Provided information ▸
(* Let $f:\mathbb{N}\to\mathbb{R}$ with $f(1)=1$ be multiplicative (i.e. $f(mn)=f(m)f(n)$ for coprime $m,n$). Assume there exist $A>0$ and $c\in(0,1)$ such that $|f(n)|\leq Ac^n$ for all $n\geq2$. Then $|f^{-1}(n)| \leq n^{\frac{3\ln c}{\ln 3}+\frac{\ln(1+A)}{\ln 2}}$ for all $n\geq2$.
   Context: $f^{-1}$ denotes the Dirichlet inverse of $f$: the arithmetic function with $\sum_{d\mid n} f(n/d) f^{-1}(d)=\varepsilon(n)$ for all $n$, where $\varepsilon(1)=1$ and $\varepsilon(n)=0$ for $n\ge2$. *)

theory Defs
  imports "HOL-Analysis.Analysis"
begin

definition multiplicative_fun :: "(nat \<Rightarrow> real) \<Rightarrow> bool" where
  "multiplicative_fun f \<longleftrightarrow>
     f 1 = 1 \<and> (\<forall>m n. m > 0 \<longrightarrow> n > 0 \<longrightarrow> coprime m n \<longrightarrow> f (m * n) = f m * f n)"

(* Values at 0 are normalised to 0 so that the function is uniquely determined. *)
definition dirichlet_inverse :: "(nat \<Rightarrow> real) \<Rightarrow> nat \<Rightarrow> real" where
  "dirichlet_inverse f = (THE g. g 0 = 0 \<and>
     (\<forall>n>0. (\<Sum>d | d dvd n. f (n div d) * g d) = (if n = 1 then 1 else 0)))"

end

theory Submission
  imports Defs
begin

(* The Dirichlet inverse g of a multiplicative f is again multiplicative, so it suffices to
   bound g at prime powers. There the recursion g(p^k) = - sum_{i<k} f(p^(k-i)) g(p^i) together
   with |f(p^j)| <= A c^(p^j) <= A c^(j p) gives |g(p^k)| <= ((1+A) c^p)^k by induction on k.
   Finally n^3 <= 3^n yields c^p <= p^(3 ln c / ln 3), and p >= 2 yields
   1 + A <= p^(ln(1+A) / ln 2). *)

definition dirichlet_conv :: "(nat \<Rightarrow> real) \<Rightarrow> (nat \<Rightarrow> real) \<Rightarrow> nat \<Rightarrow> real" where
  "dirichlet_conv f g n = (\<Sum>d | d dvd n. f (n div d) * g d)"

lemma sum_divisors_eq_self_plus_proper:
  fixes F :: "nat \<Rightarrow> 'a::comm_monoid_add"
  assumes "n > 0"
  shows "(\<Sum>d | d dvd n. F d) = F n + (\<Sum>d | d dvd n \<and> d < n. F d)"
proof -
  have "{d. d dvd n} = insert n {d. d dvd n \<and> d < n}"
    using assms by (auto dest: dvd_imp_le)
  moreover have "finite {d. d dvd n \<and> d < n}" by simp
  ultimately show ?thesis by simp
qed

lemma dirichlet_conv_eq_iff:
  assumes "f 1 = 1" and "n > 0"
  shows "dirichlet_conv f g n = e \<longleftrightarrow>
    g n = e - (\<Sum>d | d dvd n \<and> d < n. f (n div d) * g d)"
  using sum_divisors_eq_self_plus_proper[OF assms(2), of "\<lambda>d. f (n div d) * g d"] assms
  by (auto simp: dirichlet_conv_def)
lemma nn_integral_cball_layers_le:
  fixes x :: "'a::euclidean_space"
  assumes dim: "DIM('a) = 2" and T: "0 < T"
  shows "(\<integral>\<^sup>+ y. (\<integral>\<^sup>+ l. indicator {0<..T} l * indicator (cball x l) y *
      ennreal (1 / (2 * l * sqrt l)) \<partial>lborel) \<partial>lborel) \<le> ennreal (pi * T * sqrt T / 2)"
proof -
  define w :: "real \<Rightarrow> ennreal" where "w l = indicator {0<..T} l * ennreal (1 / (2 * l * sqrt l))" for l
  define B where "B y l = indicator {0<..T} l * indicator (cball x l) y * ennreal (1 / (2 * l * sqrt l))"
    for y l
  have "case_prod B \<in> borel_measurable (lborel \<Otimes>\<^sub>M lborel)"
    unfolding B_def indicator_def mem_cball by measurable
  from lborel_pair.Fubini'[OF this]
  have "(\<integral>\<^sup>+ y. (\<integral>\<^sup>+ l. B y l \<partial>lborel) \<partial>lborel) = (\<integral>\<^sup>+ l. (\<integral>\<^sup>+ y. B y l \<partial>lborel) \<partial>lborel)"
    by simp
  also have "\<dots> = (\<integral>\<^sup>+ l. emeasure lborel (cball x l) * w l \<partial>lborel)"
  proof (intro nn_integral_cong)
    fix l :: real
    have "B y l = indicator (cball x l) y * w l" for y
      by (simp add: B_def w_def mult_ac)
    then show "(\<integral>\<^sup>+ y. B y l \<partial>lborel) = emeasure lborel (cball x l) * w l"
      by (simp add: nn_integral_multc borel_measurable_indicator)
  qed
  also have "\<dots> = (\<integral>\<^sup>+ l. ennreal (pi * l\<^sup>2) * w l \<partial>lborel)"
    using dim by (intro nn_integral_cong) (simp add: w_def indicator_def emeasure_cball unit_ball_vol_2)
  also have "\<dots> \<le> (\<integral>\<^sup>+ l. indicator {0..T} l * ennreal (pi * sqrt T / 2) \<partial>lborel)"
  proof (intro nn_integral_mono)
    fix l :: real
    show "ennreal (pi * l\<^sup>2) * w l \<le> indicator {0..T} l * ennreal (pi * sqrt T / 2)"
    proof (cases "0 < l \<and> l \<le> T")
      case True
      then have "ennreal (pi * l\<^sup>2) * w l = ennreal (pi * sqrt l / 2)"
        by (simp add: w_def ennreal_mult'[symmetric] field_simps power2_eq_square)
      also have "\<dots> \<le> ennreal (pi * sqrt T / 2)"
        using True by (intro ennreal_leI) auto
      finally show ?thesis
        using True by simp
    qed (auto simp: w_def)
  qed
  also have "\<dots> = ennreal (pi * T * sqrt T / 2)"
    using T by (simp add: nn_integral_multc ennreal_mult'[symmetric])
  finally show ?thesis
    by (simp add: B_def)
qed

Your objective ▸ Out of the entries, pull every line that mentions "with".

Task result ▸
(* Let $f:\mathbb{N}\to\mathbb{R}$ with $f(1)=1$ be multiplicative (i.e. $f(mn)=f(m)f(n)$ for coprime $m,n$). Assume there exist $A>0$ and $c\in(0,1)$ such that $|f(n)|\leq Ac^n$ for all $n\geq2$. Then $|f^{-1}(n)| \leq n^{\frac{3\ln c}{\ln 3}+\frac{\ln(1+A)}{\ln 2}}$ for all $n\geq2$.
   Context: $f^{-1}$ denotes the Dirichlet inverse of $f$: the arithmetic function with $\sum_{d\mid n} f(n/d) f^{-1}(d)=\varepsilon(n)$ for all $n$, where $\varepsilon(1)=1$ and $\varepsilon(n)=0$ for $n\ge2$. *)
   with |f(p^j)| <= A c^(p^j) <= A c^(j p) gives |g(p^k)| <= ((1+A) c^p)^k by induction on k.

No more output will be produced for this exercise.